Jackie Carmichael hires Kelly to find an employee who has vanished. The case appears simple at first, but Kelly soon discovers that the missing girl is not who she seems. As Kelly attempts to separate the facts from the lies, Jonathan brings him another message: Jackie Carmichael is hiding something.
With the beaches, mansions, and dive bars of Orange County, CA as the backdrop, Caffeine & Nicotine is a dark and brutal look at what happens when the dead pass sentence.
Excerpt
Chapter One
Oliver Trunk: the proverbial rock in my shoe.
I had spent the last week looking under every overpass and dumpster I could think of. I talked to a bunch of people who said, “Yeah, I saw Oliver last night down at . . .” Insert the name of some bar, or strip club, or parking lot. I was a step behind from the word go. It was making me cranky.
Oliver thought of himself as an entrepreneur, which meant he dealt a little meth and coke, and beat the shit out of his girlfriend if she held back any of her tips. Oliver’s girlfriend was a stripper at a low-level club. In the beginning, Tina Mullins had thought he was charming and kind of cute in a white-trash, Joe Dirt, kind of way. Those days passed quickly, however. Oliver’s newest business plan was to pimp her out on her nights off from the club.

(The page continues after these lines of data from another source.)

(* Assume $D=\sum_{k=1}^K N_k$ (i.e. $\sum_k N_k\le N_T$). Let $\mathcal G$ be a graph on $N_I$ vertices for which there exists a permutation matrix $\mathbf P$ with $\mathbf A_{\mathcal G}=\mathbf P\bar{\mathbf A}_{\mathcal G}\mathbf P^T$ and $\sum_{m=n+1}^{N_I}\bar{\mathbf A}_{\mathcal G}(n,m)=\min\{2L-1,N_I-n\}$ for $1\le n\le N_I-1$. Then $$\mathcal U_{\mathrm{fully}}=\mathcal U_{\mathcal G}\cup\mathcal N_{\mathcal U}.$$ Consequently $\mathcal H_{\mathrm{fully}}=\mathcal H_{\mathcal G}\cup\mathcal N$, where $\mathcal H_{\mathrm{fully}}=\{\mathbf H_d+\mathbf U^H\mathbf G:\mathbf U\in\mathcal U_{\mathrm{fully}}\}$, $\mathcal H_{\mathcal G}=\{\mathbf H_d+\mathbf U^H\mathbf G:\mathbf U\in\mathcal U_{\mathcal G}\}$ and $\mathcal N=\{\mathbf H_d+\mathbf U^H\mathbf G:\mathbf U\in\mathcal N_{\mathcal U}\}$.
   Context: Let $N_I,N_T,K\ge1$, $N_1,\dots,N_K\ge1$ be integers, $Z_0>0$, and let $\mathbf H_{d,k}\in\mathbb C^{N_k\times N_T}$, $\mathbf H_{r,k}\in\mathbb C^{N_k\times N_I}$, $\mathbf G\in\mathbb C^{N_I\times N_T}$ be given. Let $\mathbf H_d$ and $\mathbf H_r\in\mathbb C^{(\sum_k N_k)\times N_I}$ be the vertical stackings of the $\mathbf H_{d,k}$ and of the $\mathbf H_{r,k}$, respectively. $D=\min\{\sum_k N_k,N_T\}$, $L=\min\{D,N_I/2\}$. A graph $\mathcal G=(\mathcal V,\mathcal E)$ is a simple undirected graph with vertices $V_1,\dots,V_{N_I}$; its adjacency matrix $\mathbf A_{\mathcal G}$ is the symmetric $0$–$1$ matrix with zero diagonal and $\mathbf A_{\mathcal G}(n,m)=1$ iff $(V_n,V_m)\in\mathcal E$; $\mathcal B_{\mathcal G}=\{\mathbf B\in\mathbb R^{N_I\times N_I}: B_{n,m}=0\ \forall n\ne m \text{ with }(V_n,V_m)\notin\mathcal E\}$. Define $\mathcal U_{\mathrm{fully}}=\{(\mathbf H_r\boldsymbol\Theta)^H : \boldsymbol\Theta=(\mathbf I+\mathsf iZ_0\mathbf B)^{-1}(\mathbf I-\mathsf iZ_0\mathbf B),\ \mathbf B\in\mathbb R^{N_I\times N_I},\ \mathbf B=\mathbf B^T\}$ and $\mathcal U_{\mathcal G}$ the same set with the additional constraint $\mathbf B\in\mathcal B_{\mathcal G}$. For $\mathbf U\in\mathbb C^{N_I\times\sum_k N_k}$ let $\mathbf M_{\mathbf U}=[\mathcal R(\mathsf iZ_0(\mathbf H_r^H+\mathbf U))\ \ \mathcal I(\mathsf iZ_0(\mathbf H_r^H+\mathbf U))]\in\mathbb R^{N_I\times 2\sum_k N_k}$, where $\mathcal R,\mathcal I$ denote entrywise real and imaginary parts, and let $\mathcal N_{\mathcal U}=\{\mathbf U\in\mathcal U_{\mathrm{fully}}:\ \mathbf M_{\mathbf U}\text{ has a singular } n\times n \text{ submatrix for some } n\le 2\sum_k N_k\}$. *)

theory Defs
  imports "Jordan_Normal_Form.Schur_Decomposition"
          "Jordan_Normal_Form.Gauss_Jordan_Elimination"
          "Jordan_Normal_Form.DL_Submatrix"
begin

text \<open>Matrices are Jordan_Normal_Form matrices; indices are 0-based
 (vertex V_n of the paper is index n-1).  The per-user channels H_{d,k}, H_{r,k}
 enter only through their vertical stackings H_d, H_r, which are taken directly
 as matrices with sum_k N_k rows.\<close>

definition simple_graph :: "nat \<Rightarrow> (nat \<Rightarrow> nat \<Rightarrow> bool) \<Rightarrow> bool" where
  "simple_graph NI E \<longleftrightarrow> (\<forall>n<NI. \<forall>m<NI. E n m = E m n) \<and> (\<forall>n<NI. \<not> E n n)"

definition adj_mat :: "nat \<Rightarrow> (nat \<Rightarrow> nat \<Rightarrow> bool) \<Rightarrow> real mat" where
  "adj_mat NI E = mat NI NI (\<lambda>(n,m). if E n m then 1 else 0)"

definition perm_matrix :: "nat \<Rightarrow> real mat \<Rightarrow> bool" where
  "perm_matrix n P \<longleftrightarrow> (\<exists>p. p permutes {..<n} \<and> P = mat n n (\<lambda>(i,j). if p i = j then 1 else 0))"

definition theta :: "real \<Rightarrow> real mat \<Rightarrow> complex mat" where
  "theta Z0 B = (let n = dim_row B; Bc = map_mat complex_of_real B in
     the (mat_inverse (1\<^sub>m n + (\<i> * complex_of_real Z0) \<cdot>\<^sub>m Bc)) *
     (1\<^sub>m n - (\<i> * complex_of_real Z0) \<cdot>\<^sub>m Bc))"

definition U_fully :: "complex mat \<Rightarrow> real \<Rightarrow> nat \<Rightarrow> complex mat set" where
  "U_fully Hr Z0 NI = {mat_adjoint (Hr * theta Z0 B) | B.
      B \<in> carrier_mat NI NI \<and> B = transpose_mat B}"

definition B_graph :: "nat \<Rightarrow> (nat \<Rightarrow> nat \<Rightarrow> bool) \<Rightarrow> real mat set" where
  "B_graph NI E = {B \<in> carrier_mat NI NI. \<forall>n<NI. \<forall>m<NI. n \<noteq> m \<and> \<not> E n m \<longrightarrow> B $$ (n,m) = 0}"

definition U_graph :: "complex mat \<Rightarrow> real \<Rightarrow> nat \<Rightarrow> (nat \<Rightarrow> nat \<Rightarrow> bool) \<Rightarrow> complex mat set" where
  "U_graph Hr Z0 NI E = {mat_adjoint (Hr * theta Z0 B) | B.
      B \<in> carrier_mat NI NI \<and> B = transpose_mat B \<and> B \<in> B_graph NI E}"

definition M_U :: "complex mat \<Rightarrow> real \<Rightarrow> complex mat \<Rightarrow> real mat" where
  "M_U Hr Z0 U = (let X = (\<i> * complex_of_real Z0) \<cdot>\<^sub>m (mat_adjoint Hr + U);
                      NI = dim_col Hr; Nt = dim_row Hr in
     mat NI (2 * Nt) (\<lambda>(i,j). if j < Nt then Re (X $$ (i,j)) else Im (X $$ (i, j - Nt))))"

definition N_U :: "complex mat \<Rightarrow> real \<Rightarrow> nat \<Rightarrow> complex mat set" where
  "N_U Hr Z0 NI = {U \<in> U_fully Hr Z0 NI. \<exists>n I J. 1 \<le> n \<and> n \<le> 2 * dim_row Hr \<and>
      I \<subseteq> {..<NI} \<and> J \<subseteq> {..<2 * dim_row Hr} \<and> card I = n \<and> card J = n \<and>
      det (submatrix (M_U Hr Z0 U) I J) = 0}"

definition H_set :: "complex mat \<Rightarrow> complex mat \<Rightarrow> complex mat set \<Rightarrow> complex mat set" where
  "H_set Hd G S = (\<lambda>U. Hd + mat_adjoint U * G) ` S"

definition L_val :: "nat \<Rightarrow> nat \<Rightarrow> nat list \<Rightarrow> real" where
  "L_val NI NT Ns = min (real (min (sum_list Ns) NT)) (real NI / 2)"

end

theory Submission
  imports Defs
begin

(*
  Write C = i Z0 B and Theta = (1 + C)^-1 (1 - C). Since B is real symmetric, (1 + C)^H = 1 - C,
  so U = Theta^H Hr^H is equivalent to (1 - C) U = (1 + C) Hr^H, and splitting real and imaginary
  parts turns this into the real linear system B M_U = [Re (U - Hr^H)  Im (U - Hr^H)], with M_U
  independent of B. Hence U lies in U_fully iff the system has a symmetric solution, and in U_G
  iff it has one supported on the graph.

  If 2 D >= N_I the degree condition makes the graph complete. Otherwise, with c = 2 D, the
  permuted adjacency matrix says that along the ordering every vertex has c - 1 later neighbours
  until only c - 1 vertices remain, and these form a clique. When all minors of M_U are nonzero
  (U not in N_U), a graph-supported symmetric solution is built row by row along the ordering:
  the entries towards earlier vertices are forced by symmetry, and the c entries on the vertex
  and its later neighbours solve c equations through a nonsingular c x c minor. The last c - 1
  rows are then completed symmetrically through a nonsingular (c - 1) x (c - 1) minor; the
  compatibility this needs is inherited from the symmetric solution we started from.
*)

section \<open>Nonsingular minors\<close>

lemma bij_betw_pick:
  assumes "finite I"
  shows "bij_betw (pick I) {..<card I} I"
proof (rule bij_betw_imageI)
  show "inj_on (pick I) {..<card I}"
  proof (rule strict_mono_on_imp_inj_on, rule strict_mono_onI)
    fix m n assume "m \<in> {..<card I}" "n \<in> {..<card I}" "m < n"
    then show "pick I m < pick I n" using pick_mono[of n I m] by simp
  qed
  show "pick I ` {..<card I} = I"
  proof (intro subset_antisym subsetI)
    fix i assume i: "i \<in> I"
    then have "card {a\<in>I. a < i} < card I"
      using assms by (intro psubset_card_mono) auto
    then show "i \<in> pick I ` {..<card I}"
      using pick_card_in_set[OF i] by force
  next
    fix i assume "i \<in> pick I ` {..<card I}"
    then obtain k where "k < card I" "i = pick I k" by auto
    then show "i \<in> I" using pick_in_set[of k I] by simp
  qed
qed

lemma sum_pick:
  assumes "finite I"
  shows "(\<Sum>k<card I. f (pick I k)) = (\<Sum>i\<in>I. f i)"
  using sum.reindex_bij_betw[OF bij_betw_pick[OF assms], of f] by simp

lemma index_mult_mat_sum:
  assumes "A \<in> carrier_mat a b" "C \<in> carrier_mat b d" "i < a" "j < d"
  shows "(A * C) $$ (i, j) = (\<Sum>k<b. A $$ (i, k) * C $$ (k, j))"
  using assms by (simp add: scalar_prod_def atLeast0LessThan)

lemma det_nonzero_obtain_inverse:
  fixes A :: "'a::field mat"
  assumes A: "A \<in> carrier_mat n n" and det: "det A \<noteq> 0"
  obtains Ai where "Ai \<in> carrier_mat n n" "A * Ai = 1\<^sub>m n" "Ai * A = 1\<^sub>m n"
proof -
  have "A \<in> Units (ring_mat TYPE('a) n ())" by (rule det_non_zero_imp_unit[OF A det])
  then show ?thesis using that unfolding Units_def ring_mat_def by auto
qed

lemma submatrix_carrier_card:
  assumes "I \<subseteq> {..<dim_row M}" "J \<subseteq> {..<dim_col M}"
  shows "submatrix M I J \<in> carrier_mat (card I) (card J)"
proof -
  have "{i. i < dim_row M \<and> i \<in> I} = I" "{j. j < dim_col M \<and> j \<in> J} = J" using assms by auto
  then show ?thesis unfolding carrier_mat_def by (simp add: dim_submatrix)
qed

lemma transpose_submatrix_mult_vec:
  fixes M :: "'a::comm_semiring_0 mat"
  assumes I: "I \<subseteq> {..<dim_row M}" and J: "J \<subseteq> {..<dim_col M}" and card: "card J = card I"
    and b: "b < card I" and v: "v \<in> carrier_vec (card I)"
  shows "(transpose_mat (submatrix M I J) *\<^sub>v v) $ b = (\<Sum>k<card I. v $ k * M $$ (pick I k, pick J b))"
proof -
  have A: "submatrix M I J \<in> carrier_mat (card I) (card I)"
    using submatrix_carrier_card[OF I J] card by simp
  have rows: "{i. i < dim_row M \<and> i \<in> I} = I" and cols: "{j. j < dim_col M \<and> j \<in> J} = J"
    using I J by auto
  have "(transpose_mat (submatrix M I J) *\<^sub>v v) $ b = (\<Sum>k<card I. submatrix M I J $$ (k, b) * v $ k)"
    using A b v by (simp add: scalar_prod_def atLeast0LessThan)
  also have "\<dots> = (\<Sum>k<card I. v $ k * M $$ (pick I k, pick J b))"
  proof (rule sum.cong[OF refl])
    fix k assume "k \<in> {..<card I}"
    then have "submatrix M I J $$ (k, b) = M $$ (pick I k, pick J b)"
      using submatrix_index[of k M I b J] b card by (simp add: rows cols)
    then show "submatrix M I J $$ (k, b) * v $ k = v $ k * M $$ (pick I k, pick J b)"
      by (simp add: mult.commute)
  qed
  finally show ?thesis .
qed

Which is where I came in. Find Mr. Trunk and serve him a restraining order.
***
I had put out a number of feelers with my fellow down and outs. A hundred bucks for the guy or gal who got me a current line on Trunk. Not where he was yesterday or last week, but where he was that very minute.
The winner was Judy, an old gal who sang the blues at some of the seedier joints in the city. Judy was in her sixties. She only wore blue jeans, green T-shirts, jean jackets, and cowboy boots. I’m not sure about her choice of underwear or bras, but I’d bet she doesn’t wear either of them. She sounded like Janis Joplin when she sang. I’d caught her show a few times. They were generally free, and there was plenty of booze in the places she played, so it was a win-win.
Judy called around midnight and said, “Kelly, you owe me a hundred.” She sounded like Bob Hoskins.
I was kind of inebriated when she called. I had been experimenting with perfecting a Pink Vodka Lemonade all night. It had taken a few rounds before I had an epiphany about adding a little Malibu to the cocktail. Damn, I nailed it after that.
My ability to walk and talk might have been affected.
“Why tonight?” I felt like my enunciation was spot on.
“What? Totally mumbling, Kelly.”
I enunciated harder with a softer word. “Where?”
“Down at Spinnakers. I gotta go. We’re starting our next set.”
“Keep him there.” It came out as “ee im air,” or something close to that.
“Dude, I can’t understand you.”
I tried again. She hung up.
I weighed the pros and cons.
In true drunken fashion, the pros won out. I was over this rock in my shoe.
I made a pot of coffee with double the coffee. I hopped in the shower with water that was too hot. I was hoping the steam would do something. I’m not exactly sure what, but I was determined to erase the effects of the six Pink Vodka Lemonades I had ingested over the last three hours. I toweled off without falling over and counted it as a clear sign that I was no longer falling down drunk. I put on some cargo shorts and a T-shirt, then pulled on some ankle socks and a pair of Nikes. I filled two thermoses with coffee that was slightly thinner than tar. I added them to my trusty backpack, which contained all the tools of my trade: pack of cigarettes, lighter, .45 Beretta px4 Storm, couple Snickers bars, and a bottle of water.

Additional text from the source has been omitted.